* [Exercise objective] Take the lines below beginning at the line that has "then show ?thesis" and stopping after the line that has "case (Cons a xs)", and print them exactly as they are, with no other lines.
[[ Supplied entries, beginning ]]
lemma W0_add:
  fixes u1 u2 :: "real^'n::finite \<Rightarrow> real^'m::finite"
  assumes W1: "W0 p u1 G1" and W2: "W0 p u2 G2" and p: "0 \<le> p"
  shows "W0 p (\<lambda>x. u1 x + u2 x) (\<lambda>x. G1 x + G2 x)"
proof -
  obtain \<phi>1 where um1: "u1 \<in> borel_measurable (lebesgue_on B1)" and Gm1: "G1 \<in> borel_measurable (lebesgue_on B1)"
    and ui1: "integrable (lebesgue_on B1) (\<lambda>x. norm (u1 x) powr p)"
    and Gi1: "integrable (lebesgue_on B1) (\<lambda>x. norm (G1 x) powr p)"
    and \<phi>1: "\<And>k. test_map (\<phi>1 k)"
    and \<phi>u1: "(\<lambda>k. \<integral>x. norm (\<phi>1 k x - u1 x) powr p \<partial>lebesgue_on B1) \<longlonglongrightarrow> 0"
    and \<phi>G1: "(\<lambda>k. \<integral>x. norm (jac (\<phi>1 k) x - G1 x) powr p \<partial>lebesgue_on B1) \<longlonglongrightarrow> 0"
    using W1 unfolding W0_iff by blast
  obtain \<phi>2 where um2: "u2 \<in> borel_measurable (lebesgue_on B1)" and Gm2: "G2 \<in> borel_measurable (lebesgue_on B1)"
    and ui2: "integrable (lebesgue_on B1) (\<lambda>x. norm (u2 x) powr p)"
    and Gi2: "integrable (lebesgue_on B1) (\<lambda>x. norm (G2 x) powr p)"
    and \<phi>2: "\<And>k. test_map (\<phi>2 k)"
    and \<phi>u2: "(\<lambda>k. \<integral>x. norm (\<phi>2 k x - u2 x) powr p \<partial>lebesgue_on B1) \<longlonglongrightarrow> 0"
    and \<phi>G2: "(\<lambda>k. \<integral>x. norm (jac (\<phi>2 k) x - G2 x) powr p \<partial>lebesgue_on B1) \<longlonglongrightarrow> 0"
    using W2 unfolding W0_iff by blast
  have smooth: "smooth_map (\<phi>1 k)" "smooth_map (\<phi>2 k)" for k
    using \<phi>1 \<phi>2 by (auto simp: test_map_def)
  note error = approximation_error_integrable[OF _ bounded_ball B1_sets_lebesgue _ _ p]
  note error_u1 = error[OF smooth_map_continuous[OF smooth(1)] um1 ui1]
    and error_u2 = error[OF smooth_map_continuous[OF smooth(2)] um2 ui2]
    and error_G1 = error[OF continuous_jac[OF smooth(1)] Gm1 Gi1]
    and error_G2 = error[OF continuous_jac[OF smooth(2)] Gm2 Gi2]
  have sum_error: "(\<phi>1 k x + \<phi>2 k x) - (u1 x + u2 x) = (\<phi>1 k x - u1 x) + (\<phi>2 k x - u2 x)"
    "jac (\<lambda>x. \<phi>1 k x + \<phi>2 k x) x - (G1 x + G2 x) = (jac (\<phi>1 k) x - G1 x) + (jac (\<phi>2 k) x - G2 x)" for k x
    by (simp_all add: jac_add[OF smooth] algebra_simps)
  show ?thesis unfolding W0_iff
  proof (intro conjI exI[of _ "\<lambda>k x. \<phi>1 k x + \<phi>2 k x"] allI)
    show "(\<lambda>x. u1 x + u2 x) \<in> borel_measurable (lebesgue_on B1)" using um1 um2 by measurable
    show "(\<lambda>x. G1 x + G2 x) \<in> borel_measurable (lebesgue_on B1)" using Gm1 Gm2 by measurable
    show "integrable (lebesgue_on B1) (\<lambda>x. norm (u1 x + u2 x) powr p)"
      by (rule integrable_norm_powr_add[OF um1 um2 ui1 ui2 p])
    show "integrable (lebesgue_on B1) (\<lambda>x. norm (G1 x + G2 x) powr p)"
      by (rule integrable_norm_powr_add[OF Gm1 Gm2 Gi1 Gi2 p])
    show "test_map (\<lambda>x. \<phi>1 k x + \<phi>2 k x)" for k
      using test_map_add[OF \<phi>1 \<phi>2] .
    show "(\<lambda>k. \<integral>x. norm ((\<phi>1 k x + \<phi>2 k x) - (u1 x + u2 x)) powr p \<partial>lebesgue_on B1) \<longlonglongrightarrow> 0"
      unfolding sum_error
      by (rule tendsto_integral_norm_powr_add[OF error_u1(1) error_u2(1) error_u1(2) error_u2(2) \<phi>u1 \<phi>u2 p])
    show "(\<lambda>k. \<integral>x. norm (jac (\<lambda>x. \<phi>1 k x + \<phi>2 k x) x - (G1 x + G2 x)) powr p \<partial>lebesgue_on B1) \<longlonglongrightarrow> 0"
      unfolding sum_error
      by (rule tendsto_integral_norm_powr_add[OF error_G1(1) error_G2(1) error_G1(2) error_G2(2) \<phi>G1 \<phi>G2 p])
  qed
qed
(* Let $g\ge 2$, $n\ge 2$, let $(t_1,\ldots,t_n)$ be a generic $n$-tuple of elements of $T$, let $l\neq m$ be elements of $\{1,\ldots,n\}$, let $A$ be a subset of $\{a_1,\ldots,a_g,b_1,\ldots,b_g\}\cup\{c_j \mid j\in\{1,\ldots,n\}\setminus\{l,m\}\}$, and let $(i,j,k)$ and $(u,v,w)$ be permutations of $(1,2,3)$. Then the collection of sections $$\{s^l_{ij}(x), s^l_{ik}(x) \mid x\in A\}\cup\{s^l_{u,j}(c_m), s^l_{u,k}(c_m)\}$$ has the same common vanishing locus in $S_g(t_1,\ldots,t_n)$ as the collection $$\{s^m_{uv}(x), s^m_{uw}(x)\mid x\in A\}\cup\{s^m_{i,v}(c_l), s^m_{i,w}(c_l)\}.$$
   Context: Let $\Sigma$ be a compact Riemann surface of genus $g$, $p_1,\ldots,p_n\in\Sigma$ distinct points, and fix the presentation $\pi_1(\Sigma\setminus\{p_1,\ldots,p_n\}) = \langle a_1,\ldots,a_g,b_1,\ldots,b_g,c_1,\ldots,c_n \mid \prod_{i=1}^g[a_i,b_i]=\prod_{j=1}^n c_j\rangle$. Let $G=SU(3)$, $T\subset G$ the diagonal maximal torus. An $n$-tuple $(t_1,\ldots,t_n)$ in $T$ is generic if each $t_j$ has centralizer $T$ in $G$ and no product $\lambda_1\cdots\lambda_n$ with $\lambda_i$ an eigenvalue of $t_i$ equals $1$. Let $S_g(t_1,\ldots,t_n) := \{\rho\in\mathrm{Hom}(\pi_1(\Sigma\setminus\{p_1,\ldots,p_n\}),G)\mid\rho(c_i)\sim t_i\ \forall i\}/G$ (conjugation quotient), and $V^l_g(t_1,\ldots,t_n):=\{\rho\mid\rho(c_l)=t_l,\ \rho(c_i)\sim t_i\ \forall i\}$, a $T$-bundle over $S_g(t_1,\ldots,t_n)$ under conjugation. For $1\le j,k\le 3$ let $\mathbb{C}_{(jk)}$ (resp. $\mathbb{C}_{(j)}$) be the representation of $T$ in which $\mathrm{diag}(e^{i\theta_1},e^{i\theta_2},e^{i\theta_3})$ acts by $e^{i(\theta_j-\theta_k)}$ (resp. $e^{i\theta_j}$), and $L^l_{jk}$ (resp. $L^l_j$) the associated line bundle $(V^l_g(t_1,\ldots,t_n)\times\mathbb{C}_{(jk)})/T$ (resp. with $\mathbb{C}_{(j)}$). Two kinds of sections are used (note the comma distinguishing them). (i) For a generator $x\in\{a_1,\ldots,a_g,b_1,\ldots,b_g,c_1,\ldots,c_n\}\setminus\{c_l\}$, $s^l_{jk}(x)$ is the section of $L^l_{jk}$ induced by the $T$-equivariant map $V^l_g(t_1,\ldots,t_n)\to\mathbb{C}_{(jk)}$, $\rho\mapsto(\rho(x))_{jk}$ (the $(j,k)$ matrix entry); it vanishes at $[\rho]$ iff $(\rho(x))_{jk}=0$ for a representative $\rho\in V^l_g(t_1,\ldots,t_n)$. (ii) For $c_{i'}$ with $i'\neq l$, $s^l_{j,k}(c_{i'})$ is a section of $L^l_j$ defined via a matrix $A\in SU(3)$ with $A\rho(c_{i'})A^{-1}=t_{i'}$ (for a representative $\rho\in V^l_g(t_1,\ldots,t_n)$; $A$ is unique up to left multiplication by $T$), taking value given by the entry $A_{jk}$; it vanishes at $[\rho]$ iff $A_{jk}=0$, equivalently iff the $k$-th coordinate of an eigenvector of $\rho(c_{i'})$ with eigenvalue $(t_{i'})_{jj}$ is zero. *)

theory Defs
  imports "HOL-Analysis.Analysis"
begin

type_synonym mat3 = "complex^3^3"

definition ctrans :: "mat3 \<Rightarrow> mat3" where
  "ctrans M = (\<chi> r s. cnj (M $ s $ r))"

definition SU3 :: "mat3 set" where
  "SU3 = {U. U ** ctrans U = mat 1 \<and> det U = 1}"

definition torus :: "mat3 set" where
  "torus = {M \<in> SU3. \<forall>r s. r \<noteq> s \<longrightarrow> M $ r $ s = 0}"

definition centralizer :: "mat3 \<Rightarrow> mat3 set" where
  "centralizer M = {U \<in> SU3. U ** M = M ** U}"

definition is_eigenvalue :: "mat3 \<Rightarrow> complex \<Rightarrow> bool" where
  "is_eigenvalue M ev \<longleftrightarrow> (\<exists>v. v \<noteq> 0 \<and> M *v v = ev *s v)"

definition generic :: "nat \<Rightarrow> (nat \<Rightarrow> mat3) \<Rightarrow> bool" where
  "generic n t \<longleftrightarrow>
     (\<forall>j\<in>{1..n}. t j \<in> torus \<and> centralizer (t j) = torus) \<and>
     (\<forall>ev. (\<forall>j\<in>{1..n}. is_eigenvalue (t j) (ev j)) \<longrightarrow> (\<Prod>j\<in>{1..n}. ev j) \<noteq> 1)"

text \<open>Generators of the fundamental group of the punctured surface.\<close>
datatype gen = GA nat | GB nat | GC nat

definition gens :: "nat \<Rightarrow> nat \<Rightarrow> gen set" where
  "gens g n = GA ` {1..g} \<union> GB ` {1..g} \<union> GC ` {1..n}"

definition mprod :: "mat3 list \<Rightarrow> mat3" where
  "mprod Ms = foldr (\<lambda>M N. M ** N) Ms (mat 1)"

definition commutator :: "mat3 \<Rightarrow> mat3 \<Rightarrow> mat3" where
  "commutator X Y = X ** Y ** ctrans X ** ctrans Y"

text \<open>Hom(pi_1, SU(3)): assignments of SU(3) elements to the generators satisfying
  prod_i [a_i,b_i] = prod_j c_j (products ordered left to right); values on
  non-generators are normalised to the identity.\<close>
definition Hom :: "nat \<Rightarrow> nat \<Rightarrow> (gen \<Rightarrow> mat3) set" where
  "Hom g n = {\<rho>. (\<forall>x\<in>gens g n. \<rho> x \<in> SU3) \<and> (\<forall>x. x \<notin> gens g n \<longrightarrow> \<rho> x = mat 1) \<and>
     mprod (map (\<lambda>i. commutator (\<rho> (GA i)) (\<rho> (GB i))) [1..<g+1])
       = mprod (map (\<lambda>j. \<rho> (GC j)) [1..<n+1])}"

definition conj_rel :: "mat3 \<Rightarrow> mat3 \<Rightarrow> bool" (infix "\<sim>\<^sub>G" 50) where
  "X \<sim>\<^sub>G Y \<longleftrightarrow> (\<exists>P\<in>SU3. X = P ** Y ** ctrans P)"

definition Hom_t :: "nat \<Rightarrow> nat \<Rightarrow> (nat \<Rightarrow> mat3) \<Rightarrow> (gen \<Rightarrow> mat3) set" where
  "Hom_t g n t = {\<rho> \<in> Hom g n. \<forall>i\<in>{1..n}. \<rho> (GC i) \<sim>\<^sub>G t i}"

definition conj_act :: "mat3 \<Rightarrow> (gen \<Rightarrow> mat3) \<Rightarrow> (gen \<Rightarrow> mat3)" where
  "conj_act P \<rho> = (\<lambda>x. P ** \<rho> x ** ctrans P)"

definition orbit :: "(gen \<Rightarrow> mat3) \<Rightarrow> (gen \<Rightarrow> mat3) set" where
  "orbit \<rho> = {conj_act P \<rho> | P. P \<in> SU3}"

definition S :: "nat \<Rightarrow> nat \<Rightarrow> (nat \<Rightarrow> mat3) \<Rightarrow> (gen \<Rightarrow> mat3) set set" where
  "S g n t = orbit ` Hom_t g n t"

definition V :: "nat \<Rightarrow> nat \<Rightarrow> (nat \<Rightarrow> mat3) \<Rightarrow> nat \<Rightarrow> (gen \<Rightarrow> mat3) set" where
  "V g n t l = {\<rho> \<in> Hom_t g n t. \<rho> (GC l) = t l}"

text \<open>Vanishing of s^l_{jk}(x) at the class Q.\<close>
definition vanish_entry ::
  "nat \<Rightarrow> nat \<Rightarrow> (nat \<Rightarrow> mat3) \<Rightarrow> nat \<Rightarrow> 3 \<Rightarrow> 3 \<Rightarrow> gen \<Rightarrow> (gen \<Rightarrow> mat3) set \<Rightarrow> bool" where
  "vanish_entry g n t l j k x Q \<longleftrightarrow> (\<exists>\<rho>\<in>Q \<inter> V g n t l. \<rho> x $ j $ k = 0)"

text \<open>Vanishing of s^l_{j,k}(c_{i'}) at the class Q.\<close>
definition vanish_eig ::
  "nat \<Rightarrow> nat \<Rightarrow> (nat \<Rightarrow> mat3) \<Rightarrow> nat \<Rightarrow> 3 \<Rightarrow> 3 \<Rightarrow> nat \<Rightarrow> (gen \<Rightarrow> mat3) set \<Rightarrow> bool" where
  "vanish_eig g n t l j k i' Q \<longleftrightarrow>
     (\<exists>\<rho>\<in>Q \<inter> V g n t l. \<exists>A\<in>SU3. A ** \<rho> (GC i') ** ctrans A = t i' \<and> A $ j $ k = 0)"

end

theory Submission
  imports Defs
begin

text \<open>Fix a representative \<open>\<rho>\<close> of a class with \<open>\<rho>(c\<^sub>l) = t\<^sub>l\<close>. Since the centralizer of
  \<open>t\<^sub>l\<close> is \<open>T\<close>, two such representatives differ by conjugation with a diagonal matrix,
  which only rescales matrix entries; likewise a matrix \<open>A\<close> with \<open>A \<rho>(c\<^sub>m) A\<^sup>-\<^sup>1 = t\<^sub>m\<close> is
  unique up to left multiplication by \<open>T\<close>. So the vanishing of each section may be tested on
  any representative and any such \<open>A\<close>. If \<open>A\<^sub>u\<^sub>j = A\<^sub>u\<^sub>k = 0\<close>, unitarity forces row \<open>u\<close> and
  column \<open>i\<close> of \<open>A\<close> to vanish outside their common entry. Then \<open>\<rho>' = A \<rho> A\<^sup>-\<^sup>1\<close> represents
  the same class with \<open>\<rho>'(c\<^sub>m) = t\<^sub>m\<close>, \<open>\<rho>'(x)\<^sub>u\<^sub>v = A\<^sub>u\<^sub>i \<rho>(x)\<^sub>i\<^sub>i conj(A\<^sub>v\<^sub>i) = 0\<close> whenever
  \<open>\<rho>(x)\<^sub>i\<^sub>j = \<rho>(x)\<^sub>i\<^sub>k = 0\<close>, and \<open>A\<^sup>-\<^sup>1\<close> conjugates \<open>\<rho>'(c\<^sub>l)\<close> to \<open>t\<^sub>l\<close> with
  \<open>(A\<^sup>-\<^sup>1)\<^sub>i\<^sub>v = 0\<close>. Exchanging the roles of \<open>(l,i,j,k)\<close> and \<open>(m,u,v,w)\<close> gives the other
  inclusion.\<close>

lemma ctrans_ctrans [simp]: "ctrans (ctrans A) = A"
  by (simp add: ctrans_def vec_eq_iff)

lemma ctrans_matrix_mul: "ctrans (A ** B) = ctrans B ** ctrans A"
  by (simp add: ctrans_def vec_eq_iff matrix_matrix_mult_def mult.commute)

lemma SU3_right_inverse: "P \<in> SU3 \<Longrightarrow> P ** ctrans P = mat 1"
  by (simp add: SU3_def)

lemma SU3_left_inverse: "P \<in> SU3 \<Longrightarrow> ctrans P ** P = mat 1"
  by (simp add: SU3_def matrix_left_right_inverse)

lemma SU3_matrix_mul:
  assumes "P \<in> SU3" "R \<in> SU3"
  shows "P ** R \<in> SU3"
proof -
  have "P ** R ** ctrans (P ** R) = P ** (R ** ctrans R) ** ctrans P"
    by (simp add: ctrans_matrix_mul matrix_mul_assoc)
  also have "\<dots> = mat 1"
    using assms by (simp add: SU3_right_inverse)
  finally show ?thesis
    using assms by (simp add: SU3_def det_mul)
qed

lemma SU3_ctrans:
  assumes "P \<in> SU3"
  shows "ctrans P \<in> SU3"
proof -
  have "det P * det (ctrans P) = 1"
    using assms det_mul[of P "ctrans P"] by (simp add: SU3_def)
  then have "det (ctrans P) = 1"
    using assms by (simp add: SU3_def)
  then show ?thesis
    using SU3_left_inverse[OF assms] by (simp add: SU3_def)
qed

lemma conj_act_conj_act: "conj_act P (conj_act R \<rho>) = conj_act (P ** R) \<rho>"
  by (simp add: conj_act_def ctrans_matrix_mul matrix_mul_assoc)

lemma mprod_conj:
  assumes "P \<in> SU3"
  shows "mprod (map (\<lambda>x. P ** f x ** ctrans P) xs) = P ** mprod (map f xs) ** ctrans P"
proof (induction xs)
  case Nil
  then show ?case
    using assms by (simp add: mprod_def SU3_right_inverse)
next
  case (Cons a xs)
  have "mprod (map (\<lambda>x. P ** f x ** ctrans P) (a # xs))
      = P ** f a ** (ctrans P ** P) ** mprod (map f xs) ** ctrans P"
    using Cons by (simp add: mprod_def matrix_mul_assoc)
  also have "\<dots> = P ** mprod (map f (a # xs)) ** ctrans P"
    using assms by (simp add: SU3_left_inverse mprod_def matrix_mul_assoc)
  finally show ?case .
qed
[[ Supplied entries, end ]]
* [Response to the task]
  then show ?thesis
    using SU3_left_inverse[OF assms] by (simp add: SU3_def)
qed

lemma conj_act_conj_act: "conj_act P (conj_act R \<rho>) = conj_act (P ** R) \<rho>"
  by (simp add: conj_act_def ctrans_matrix_mul matrix_mul_assoc)

lemma mprod_conj:
  assumes "P \<in> SU3"
  shows "mprod (map (\<lambda>x. P ** f x ** ctrans P) xs) = P ** mprod (map f xs) ** ctrans P"
proof (induction xs)
  case Nil
  then show ?case
    using assms by (simp add: mprod_def SU3_right_inverse)
next
  case (Cons a xs)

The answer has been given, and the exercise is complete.